Box launches Box Automate to speed up customers’ business with AI, CEO says

AI For Business


NEW YORK/SAN FRANCISCO, April 27: Box is launching a service built for artificial intelligence to streamline tedious tasks such as processing millions of invoices and extracting data from corporate documents, CEO Aaron Levy told Reuters on Monday.

In an interview at Reuters’ Momentum AI Summit in New York, Levy said the company will launch a service called Box Automate on Tuesday. It builds on other AI programs Box has developed to take advantage of enterprises’ vast and chaotic data.

Box Automate allows customers to specify how AI agents (programs that perform tasks with minimal instructions) can connect to business processes such as invoice management. The software allows AI agents to handle the grunt work, pull critical data from “every bill,” and set up quick decisions that employees can review, Levy said.

He said the software will be included with most of Box’s enterprise product plans.

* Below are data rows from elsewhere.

(* Let $A\in\mathbb Z^{d\times n}$ with $\ker(A)\cap\mathbb N^n=\{0\}$. Let $\mathcal B$ be the set of minimal distance reducing Markov bases of $A$ and $\mathcal B^s$ the set of minimal strongly distance reducing Markov bases. Then, with elements of $\ker(A)$ identified with their negatives, $D(A)=\bigcap_{B\in\mathcal B}B$ and $D^w(A)=\bigcap_{B\in\mathcal B^s}B$; i.e., a nonzero $z\in\ker(A)$ lies in $D(A)$ if and only if $z\in B$ or $-z\in B$ for every $B\in\mathcal B$, and lies in $D^w(A)$ if and only if $z\in B$ or $-z\in B$ for every $B\in\mathcal B^s$.
   Context: For $z\in\mathbb Z^n$, $z^\pm\in\mathbb N^n$ are the unique vectors with disjoint supports and $z=z^+-z^-$; $\|\cdot\|$ is the $1$-norm; $\le$ is coordinatewise. A positive (resp. negative) distance decomposition of $z\in\ker(A)$ is $z=u+v$ with $u,v\in\ker(A)\setminus\{0\}$, $u^+\le z^+$ (resp. $u^-\le z^-$) and $\|v\|<\|z\|$. $D^+(A)$ (resp. $D^-(A)$) is the set of nonzero $z\in\ker(A)$ with no positive (resp. negative) distance decomposition; $D(A)=D^+(A)\cap D^-(A)$, $D^w(A)=D^+(A)\cup D^-(A)$. For nonzero $z\in\ker(A)$: $u$ reduces $z$ from $z^+$ if some $\varepsilon\in\{\pm1\}$ has $z^++\varepsilon u\in\mathbb N^n$ and $\|z^++\varepsilon u-z^-\|<\|z\|$; from $z^-$ if some $\varepsilon$ has $z^-+\varepsilon u\in\mathbb N^n$ and $\|z^+-(z^-+\varepsilon u)\|<\|z\|$. $B\subseteq\ker(A)$ is distance reducing if each nonzero $z$ is reduced from $z^+$ or $z^-$ by some element of $B$; strongly distance reducing if each nonzero $z$ is reduced from $z^+$ by some element of $B$ and from $z^-$ by some element of $B$. A minimal (strongly) distance reducing Markov basis is a (strongly) distance reducing set no proper subset of which is (strongly) distance reducing. *)

theory Defs
  imports "HOL-Analysis.Analysis"
begin

text \<open>Integer vectors in Z^n are modelled as int ^ 'n (n = CARD('n)); the
integer matrix A in Z^(d x n) as int ^ 'n ^ 'd, acting by matrix-vector product.\<close>

definition kerZ :: "int ^ 'n ^ 'd \<Rightarrow> (int ^ 'n) set" where
  "kerZ A = {z. A *v z = 0}"

definition natvec :: "int ^ 'n \<Rightarrow> bool" where
  "natvec v \<longleftrightarrow> (\<forall>i. 0 \<le> v $ i)"

definition leq_vec :: "int ^ 'n \<Rightarrow> int ^ 'n \<Rightarrow> bool" where
  "leq_vec u v \<longleftrightarrow> (\<forall>i. u $ i \<le> v $ i)"

definition norm1 :: "int ^ 'n \<Rightarrow> int" where
  "norm1 z = (\<Sum>i\<in>UNIV. \<bar>z $ i\<bar>)"

definition posp :: "int ^ 'n \<Rightarrow> int ^ 'n" where
  "posp z = (\<chi> i. max (z $ i) 0)"

definition negp :: "int ^ 'n \<Rightarrow> int ^ 'n" where
  "negp z = (\<chi> i. max (- (z $ i)) 0)"

definition pos_dist_decomp :: "int ^ 'n ^ 'd \<Rightarrow> int ^ 'n \<Rightarrow> int ^ 'n \<Rightarrow> int ^ 'n \<Rightarrow> bool" where
  "pos_dist_decomp A z u v \<longleftrightarrow> z = u + v \<and> u \<in> kerZ A \<and> v \<in> kerZ A \<and> u \<noteq> 0 \<and> v \<noteq> 0
     \<and> leq_vec (posp u) (posp z) \<and> norm1 v < norm1 z"

definition neg_dist_decomp :: "int ^ 'n ^ 'd \<Rightarrow> int ^ 'n \<Rightarrow> int ^ 'n \<Rightarrow> int ^ 'n \<Rightarrow> bool" where
  "neg_dist_decomp A z u v \<longleftrightarrow> z = u + v \<and> u \<in> kerZ A \<and> v \<in> kerZ A \<and> u \<noteq> 0 \<and> v \<noteq> 0
     \<and> leq_vec (negp u) (negp z) \<and> norm1 v < norm1 z"

definition Dplus :: "int ^ 'n ^ 'd \<Rightarrow> (int ^ 'n) set" where
  "Dplus A = {z \<in> kerZ A. z \<noteq> 0 \<and> \<not> (\<exists>u v. pos_dist_decomp A z u v)}"

definition Dminus :: "int ^ 'n ^ 'd \<Rightarrow> (int ^ 'n) set" where
  "Dminus A = {z \<in> kerZ A. z \<noteq> 0 \<and> \<not> (\<exists>u v. neg_dist_decomp A z u v)}"

definition Dset :: "int ^ 'n ^ 'd \<Rightarrow> (int ^ 'n) set" where
  "Dset A = Dplus A \<inter> Dminus A"

definition Dw :: "int ^ 'n ^ 'd \<Rightarrow> (int ^ 'n) set" where
  "Dw A = Dplus A \<union> Dminus A"

definition reduces_plus :: "int ^ 'n \<Rightarrow> int ^ 'n \<Rightarrow> bool" where
  "reduces_plus u z \<longleftrightarrow> (\<exists>\<epsilon>\<in>{1, -1::int}.
      natvec (posp z + \<epsilon> *s u) \<and> norm1 (posp z + \<epsilon> *s u - negp z) < norm1 z)"

definition reduces_minus :: "int ^ 'n \<Rightarrow> int ^ 'n \<Rightarrow> bool" where
  "reduces_minus u z \<longleftrightarrow> (\<exists>\<epsilon>\<in>{1, -1::int}.
      natvec (negp z + \<epsilon> *s u) \<and> norm1 (posp z - (negp z + \<epsilon> *s u)) < norm1 z)"

definition dist_reducing :: "int ^ 'n ^ 'd \<Rightarrow> (int ^ 'n) set \<Rightarrow> bool" where
  "dist_reducing A B \<longleftrightarrow> B \<subseteq> kerZ A \<and>
     (\<forall>z\<in>kerZ A. z \<noteq> 0 \<longrightarrow> (\<exists>u\<in>B. reduces_plus u z \<or> reduces_minus u z))"

definition strongly_dist_reducing :: "int ^ 'n ^ 'd \<Rightarrow> (int ^ 'n) set \<Rightarrow> bool" where
  "strongly_dist_reducing A B \<longleftrightarrow> B \<subseteq> kerZ A \<and>
     (\<forall>z\<in>kerZ A. z \<noteq> 0 \<longrightarrow> (\<exists>u\<in>B. reduces_plus u z) \<and> (\<exists>u\<in>B. reduces_minus u z))"

definition minimal_dist_reducing :: "int ^ 'n ^ 'd \<Rightarrow> (int ^ 'n) set \<Rightarrow> bool" where
  "minimal_dist_reducing A B \<longleftrightarrow> dist_reducing A B \<and> (\<forall>B'. B' \<subset> B \<longrightarrow> \<not> dist_reducing A B')"

definition minimal_strongly_dist_reducing :: "int ^ 'n ^ 'd \<Rightarrow> (int ^ 'n) set \<Rightarrow> bool" where
  "minimal_strongly_dist_reducing A B \<longleftrightarrow> strongly_dist_reducing A B \<and>
     (\<forall>B'. B' \<subset> B \<longrightarrow> \<not> strongly_dist_reducing A B')"

end

theory Submission
  imports Defs
begin

text \<open>
  A set \<open>B \<subseteq> ker(A)\<close> is distance reducing exactly when it meets, for every nonzero
  \<open>z \<in> ker(A)\<close>, the set of elements reducing \<open>z\<close> from \<open>z\<^sup>+\<close> or \<open>z\<^sup>-\<close>; it is strongly
  distance reducing when it meets every set of elements reducing some \<open>z\<close> from \<open>z\<^sup>+\<close>
  (reducing \<open>z\<close> from \<open>z\<^sup>-\<close> is reducing \<open>-z\<close> from \<open>(-z)\<^sup>+\<close>). A reducer of \<open>z\<close> has
  entries bounded by \<open>2|z|\<^sub>1\<close>, so all these sets are finite, and Zorn's lemma shows that
  every hitting set of a family of finite sets contains a minimal one. Hence \<open>z\<close> or \<open>-z\<close> lies
  in every minimal hitting set inside \<open>ker(A)\<close> iff some member of the family meets \<open>ker(A)\<close>
  only in \<open>{z, -z}\<close>. As every \<open>w \<noteq> 0\<close> reduces itself, that member is the set of reducers of \<open>z\<close> or \<open>-z\<close>,
  and a reducer \<open>u \<noteq> \<plusminus>z\<close> of \<open>z\<close> from \<open>z\<^sup>+\<close> amounts to a positive distance decomposition
  \<open>z = u + (z - u)\<close>.
\<close>

section \<open>Minimal hitting sets\<close>

definition hitting_set :: "'a set set \<Rightarrow> 'a set \<Rightarrow> bool" where
  "hitting_set F B \<longleftrightarrow> (\<forall>S\<in>F. S \<inter> B \<noteq> {})"

definition minimal_hitting_set :: "'a set set \<Rightarrow> 'a set \<Rightarrow> bool" where
  "minimal_hitting_set F B \<longleftrightarrow> hitting_set F B \<and> (\<forall>B'. B' \<subset> B \<longrightarrow> \<not> hitting_set F B')"

lemma hitting_set_Inter_chain:
  assumes fin: "\<forall>S\<in>F. finite S" and "C \<noteq> {}" and chain: "subset.chain \<A> C"
    and hit: "\<forall>B\<in>C. hitting_set F B"
  shows "hitting_set F (\<Inter>C)"
  unfolding hitting_set_def
proof (intro ballI notI)
  fix S assume "S \<in> F" and disjoint: "S \<inter> \<Inter>C = {}"
  then have "S \<noteq> {}"
    using hit \<open>C \<noteq> {}\<close> by (auto simp: hitting_set_def)
  have "\<forall>s\<in>S. \<exists>B. B \<in> C \<and> s \<notin> B"
    using disjoint by blast
  then obtain pick where pick: "\<forall>s\<in>S. pick s \<in> C \<and> s \<notin> pick s"
    by (rule bchoice[THEN exE])
  have "subset.chain \<A> (pick ` S)"
    using chain pick by (auto simp: subset_chain_def)
  then have "\<Inter>(pick ` S) \<in> pick ` S"
    using fin \<open>S \<in> F\<close> \<open>S \<noteq> {}\<close> by (intro Inter_in_chain) auto
  then have "S \<inter> \<Inter>(pick ` S) \<noteq> {}"
    using hit pick \<open>S \<in> F\<close> unfolding hitting_set_def by auto
  moreover have "S \<inter> \<Inter>(pick ` S) = {}"
    using pick by blast
  ultimately show False
    by contradiction
qed

text \<open>Zorn's lemma, applied to the complements of the hitting sets contained in \<open>K\<close>.\<close>

lemma hitting_set_contains_minimal:
  assumes fin: "\<forall>S\<in>F. finite S" and "hitting_set F K"
  obtains B where "B \<subseteq> K" "minimal_hitting_set F B"
proof -
  define \<A> where "\<A> = uminus ` {B. B \<subseteq> K \<and> hitting_set F B}"
  have "\<Union>\<C> \<in> \<A>" if "\<C> \<noteq> {}" "subset.chain \<A> \<C>" for \<C>
  proof -
    have nonempty: "uminus ` \<C> \<noteq> {}"
      using that(1) by blast
    have chain: "subset.chain {B. B \<subseteq> K \<and> hitting_set F B} (uminus ` \<C>)"
      using that(2) by (auto simp: subset_chain_def \<A>_def)
    then have "hitting_set F (\<Inter>(uminus ` \<C>))"
      by (intro hitting_set_Inter_chain[OF fin nonempty chain]) (auto simp: subset_chain_def)
    moreover have "\<Inter>(uminus ` \<C>) \<subseteq> K"
      using nonempty chain by (auto simp: subset_chain_def)
    moreover have "\<Union>\<C> = - \<Inter>(uminus ` \<C>)"
      by blast
    ultimately show ?thesis
      unfolding \<A>_def by blast
  qed
  moreover have "\<A> \<noteq> {}"
    using \<open>hitting_set F K\<close> by (auto simp: \<A>_def)
  ultimately obtain M where "M \<in> \<A>" and maximal: "\<forall>X\<in>\<A>. M \<subseteq> X \<longrightarrow> X = M"
    using subset_Zorn_nonempty by blast
  then obtain B where "M = - B" "B \<subseteq> K" "hitting_set F B"
    by (auto simp: \<A>_def)
  moreover have "\<not> hitting_set F B'" if "B' \<subset> B" for B'
  proof
    assume "hitting_set F B'"
    then have "- B' \<in> \<A>"
      using that \<open>B \<subseteq> K\<close> unfolding \<A>_def by (intro imageI) auto
    moreover have "M \<subseteq> - B'"
      using that \<open>M = - B\<close> by blast
    ultimately have "- B' = - B"
      using maximal \<open>M = - B\<close> by blast
    then show False
      using that by simp
  qed
  ultimately have "minimal_hitting_set F B"
    unfolding minimal_hitting_set_def by blast
  with \<open>B \<subseteq> K\<close> show thesis
    by (rule that)
qed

We also have the potential to upsell customers to Box’s Enterprise Advanced tier, which allows them to build agents that power this automation.

“We’re trying to balance how we can make this as available as possible with “definitely trying to make more revenue,” Levy said.

Box powers AI

Box, which Levy co-founded more than 20 years ago as a student, has recently been reinventing its cloud services around AI to win business and prevent disruption.

The Redwood City, Calif.-based company is navigating the crowded market for cloud computing with a focus on enabling AI from enterprise customers and other developers like Anthropic and OpenAI to achieve better results with content stored on Box.

There is some skepticism in the market. Box’s stock has fallen more than 16% so far this year, as investors expect various software-as-a-service (SaaS) providers to be swept away by Anthropic’s enterprise focus in particular.

Levi doesn’t move. In his view, most companies won’t waste scarce resources trying to replicate what SaaS providers have spent years building, or ask companies like ChatGPT to do it for them using a technique known as vibecoding.

“We’re not going to vibecode an ERP system,” Levie says. “I don’t think you’re going to vibecode your CRM system. It’s simply too risky.”

Create invoices with AI

Asked what the board wants from Box in terms of AI, Levy said, “Probably more, more, more.”

The challenge, which Levie likens to “a kind of schizophrenia,” is that even as boards and executives push for more AI adoption, they quickly question the return on investment and say, “I can’t believe we spent that much money on something like that.”

Currently, most of Box’s software is written by AI, Levy said.

But cost isn’t necessarily what keeps Box from reaching 100%. While some startups may brag about skipping code reviews and relying on many agents to do the work, Levy said that when Box serves some of the world’s largest institutions, the risk of AI messing up (for example, accidentally deleting a database) is too great. “We cannot afford such executions.”

Still, Levy himself tried his hand at AI coding, sending his staff samples he had built and asking them about the pace of their deliberations.

The point, he said, is not that Levy is trying to replace the CEO job with an engineering job, but that learning how AI works is important for any executive.

“There’s a journey that you go through…with a little bit of AI, you think, ‘Oh my gosh, my whole business is going to be automated.'”

“And when you use AI a lot, you say, ‘Oh my gosh, we need humans in almost every part,'” he said.